Немца звали Карл. Он был денщиком у командира этой части. Наше знакомство состоялось в тот день, когда он не наказал маму. Первый раз я видела тогда «другого» немца. Немец, а хороший…
Я осмелела. Решила: мама и тетя Валя моют полы, немец слушает концерт и следит за их работой, а я пройдусь по двору — может, найду что-нибудь, что пригодится в доме…
Папа все нес в дом. И железки, и дощечки, и гвоздики — «усе у доми хай будить при всякий случай». У него было огромное количество пилок, молотков, напильников, рашпилей.
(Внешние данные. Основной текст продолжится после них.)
(* The Cantor–Bendixson rank of the poset $\mathcal{Q}$ is $\omega$, the first infinite ordinal.
   Context: $\mathcal{Q}$ is the set $\mathbb{N}\times(\mathbb{N}\cup\{0\})$ (with $\mathbb{N}=\{1,2,\dots\}$) with the relation $(t',r')<(t,r)$ iff $t'\mid t$ and $t'r'<tr$. For a set $\mathcal{P}$ with a transitive relation $<$, an element $p$ is minimal if no $q\in\mathcal{P}$ has $q<p$. Let $\mathcal{P}_0$ be the set of minimal elements of $\mathcal{P}$ and $\bar{\mathcal{P}}_0=\mathcal{P}\setminus\mathcal{P}_0$; for an ordinal $\alpha$, $\mathcal{P}_{\alpha+1}$ is the union of $\mathcal{P}_\alpha$ and the set of minimal elements of $\bar{\mathcal{P}}_\alpha$ (with the induced relation), and $\bar{\mathcal{P}}_{\alpha+1}=\mathcal{P}\setminus\mathcal{P}_{\alpha+1}$; for a limit ordinal $\beta$, $\mathcal{P}_\beta=\bigcup_{\alpha<\beta}\mathcal{P}_\alpha$ and $\bar{\mathcal{P}}_\beta=\bigcap_{\alpha<\beta}\bar{\mathcal{P}}_\alpha$. The Cantor–Bendixson rank $r_{CB}(\mathcal{P})$ is the minimal ordinal $\alpha$ with $\bar{\mathcal{P}}_\alpha=\bar{\mathcal{P}}_{\alpha+1}$. *)

theory Defs
  imports Main
begin

definition minimal_elems :: "('a \<Rightarrow> 'a \<Rightarrow> bool) \<Rightarrow> 'a set \<Rightarrow> 'a set" where
  "minimal_elems R S = {p \<in> S. \<not> (\<exists>q\<in>S. R q p)}"

text \<open>Finite stages of the Cantor--Bendixson derivation: cb_bar R P n is the complement
  P minus P_n. Since P_(n+1) = P_n union min(P minus P_n), the complement of the next stage
  is the previous complement with its minimal elements removed.\<close>
fun cb_bar :: "('a \<Rightarrow> 'a \<Rightarrow> bool) \<Rightarrow> 'a set \<Rightarrow> nat \<Rightarrow> 'a set" where
  "cb_bar R P 0 = P - minimal_elems R P"
| "cb_bar R P (Suc n) = cb_bar R P n - minimal_elems R (cb_bar R P n)"

definition cb_bar_omega :: "('a \<Rightarrow> 'a \<Rightarrow> bool) \<Rightarrow> 'a set \<Rightarrow> 'a set" where
  "cb_bar_omega R P = (\<Inter>n. cb_bar R P n)"

definition cb_bar_omega_succ :: "('a \<Rightarrow> 'a \<Rightarrow> bool) \<Rightarrow> 'a set \<Rightarrow> 'a set" where
  "cb_bar_omega_succ R P = cb_bar_omega R P - minimal_elems R (cb_bar_omega R P)"

text \<open>The Cantor--Bendixson rank equals omega: omega is the least ordinal alpha with
  Pbar_alpha = Pbar_(alpha+1), i.e. no finite n has Pbar_n = Pbar_(n+1), but
  Pbar_omega = Pbar_(omega+1).\<close>
definition cb_rank_is_omega :: "('a \<Rightarrow> 'a \<Rightarrow> bool) \<Rightarrow> 'a set \<Rightarrow> bool" where
  "cb_rank_is_omega R P \<longleftrightarrow>
     (\<forall>n. cb_bar R P n \<noteq> cb_bar R P (Suc n)) \<and>
     cb_bar_omega R P = cb_bar_omega_succ R P"

text \<open>The poset Q = N x (N union {0}) with (t',r') < (t,r) iff t' dvd t and t' r' < t r.\<close>
definition Q_set :: "(nat \<times> nat) set" where
  "Q_set = {(t, r). t \<ge> 1}"

definition Q_less :: "nat \<times> nat \<Rightarrow> nat \<times> nat \<Rightarrow> bool" where
  "Q_less p q \<longleftrightarrow> fst p dvd fst q \<and> fst p * snd p < fst q * snd q"

end

theory Submission
  imports Defs
begin

text \<open>The product \<open>t r\<close> is a height on \<open>\<Q>\<close>: it increases strictly along \<open><\<close>, and
  \<open>(1, m) < (t, r)\<close> whenever \<open>m < t r\<close>, so every smaller height is realised below
  each point. For such a height the derivation strips exactly one level per step, hence
  the \<open>n\<close>-th stage is the set of points of height above \<open>n\<close>: every stage is a proper
  shrinking, and their intersection is empty.\<close>

lemma Diff_minimal_elems_iff:
  "p \<in> S - minimal_elems R S \<longleftrightarrow> p \<in> S \<and> (\<exists>q\<in>S. R q p)"
  by (auto simp: minimal_elems_def)

lemma cb_bar_eq_height_gt:
  fixes h :: "'a \<Rightarrow> nat"
  assumes height_less: "\<And>p q. p \<in> P \<Longrightarrow> q \<in> P \<Longrightarrow> R q p \<Longrightarrow> h q < h p"
    and height_below: "\<And>p m. p \<in> P \<Longrightarrow> m < h p \<Longrightarrow> \<exists>q\<in>P. R q p \<and> h q = m"
  shows "cb_bar R P n = {p \<in> P. n < h p}"
proof (induction n)
  case 0
  have "P - minimal_elems R P = {p \<in> P. 0 < h p}"
  proof (rule set_eqI)
    fix p
    show "p \<in> P - minimal_elems R P \<longleftrightarrow> p \<in> {p \<in> P. 0 < h p}"
      using height_less[of p] height_below[of p 0]
      unfolding Diff_minimal_elems_iff by fastforce
  qed
  then show ?case by simp
next
  case (Suc n)
  have "{p \<in> P. n < h p} - minimal_elems R {p \<in> P. n < h p} = {p \<in> P. Suc n < h p}"
  proof (rule set_eqI)
    fix p
    show "p \<in> {p \<in> P. n < h p} - minimal_elems R {p \<in> P. n < h p}
          \<longleftrightarrow> p \<in> {p \<in> P. Suc n < h p}"
      using height_less[of p] height_below[of p "Suc n"]
      unfolding Diff_minimal_elems_iff by fastforce
  qed
  with Suc show ?case by simp
qed

lemma cb_rank_is_omega_if_height:
  fixes h :: "'a \<Rightarrow> nat"
  assumes height_less: "\<And>p q. p \<in> P \<Longrightarrow> q \<in> P \<Longrightarrow> R q p \<Longrightarrow> h q < h p"
    and height_below: "\<And>p m. p \<in> P \<Longrightarrow> m < h p \<Longrightarrow> \<exists>q\<in>P. R q p \<and> h q = m"
    and height_surj: "\<And>n. \<exists>p\<in>P. h p = n"
  shows "cb_rank_is_omega R P"
proof -
  note stages = cb_bar_eq_height_gt[of P R h, OF height_less height_below]
  have "cb_bar R P n \<noteq> cb_bar R P (Suc n)" for n
  proof -
    obtain p where "p \<in> P" "h p = Suc n"
      using height_surj by blast
    then have "p \<in> cb_bar R P n" "p \<notin> cb_bar R P (Suc n)"
      by (simp_all del: cb_bar.simps add: stages)
    then show ?thesis by blast
  qed
  moreover have "cb_bar_omega R P = {}"
    unfolding cb_bar_omega_def
    using stages[of "h _"] by blast
  ultimately show ?thesis
    by (simp add: cb_rank_is_omega_def cb_bar_omega_succ_def)
qed

lemma Q_less_imp_prod_less: "Q_less q p \<Longrightarrow> fst q * snd q < fst p * snd p"
  by (simp add: Q_less_def)

lemma one_Q_less: "m < fst p * snd p \<Longrightarrow> Q_less (1, m) p"
  by (simp add: Q_less_def)

theorem theorem6p5:
  shows "cb_rank_is_omega Q_less Q_set"
proof (rule cb_rank_is_omega_if_height[where h = "\<lambda>p. fst p * snd p"])
  show "\<And>p q. Q_less q p \<Longrightarrow> fst q * snd q < fst p * snd p"
    by (rule Q_less_imp_prod_less)
  show "\<exists>q\<in>Q_set. Q_less q p \<and> fst q * snd q = m" if "m < fst p * snd p" for p m
    using one_Q_less[OF that] by (intro bexI[of _ "(1, m)"]) (auto simp: Q_set_def)
  show "\<exists>p\<in>Q_set. fst p * snd p = n" for n
    by (intro bexI[of _ "(1, n)"]) (auto simp: Q_set_def)
qed

end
Папа меня учил: «Як идешь по улице, смотри униз на землю. Можа, якая провылка или гвоздок, попадеть — усе неси у дом, моя птичка. У хозяйстви згодится, усе нада иметь при всякий случай…»
В доме папа постоянно что-то пилил, строгал, тесал. И непременно в комнате или в том месте, где его заставала идея что-то смастерить. И желание сделать квартиру уютной у мамы постепенно пропадало. Придет папа с новой идеей — и все сначала…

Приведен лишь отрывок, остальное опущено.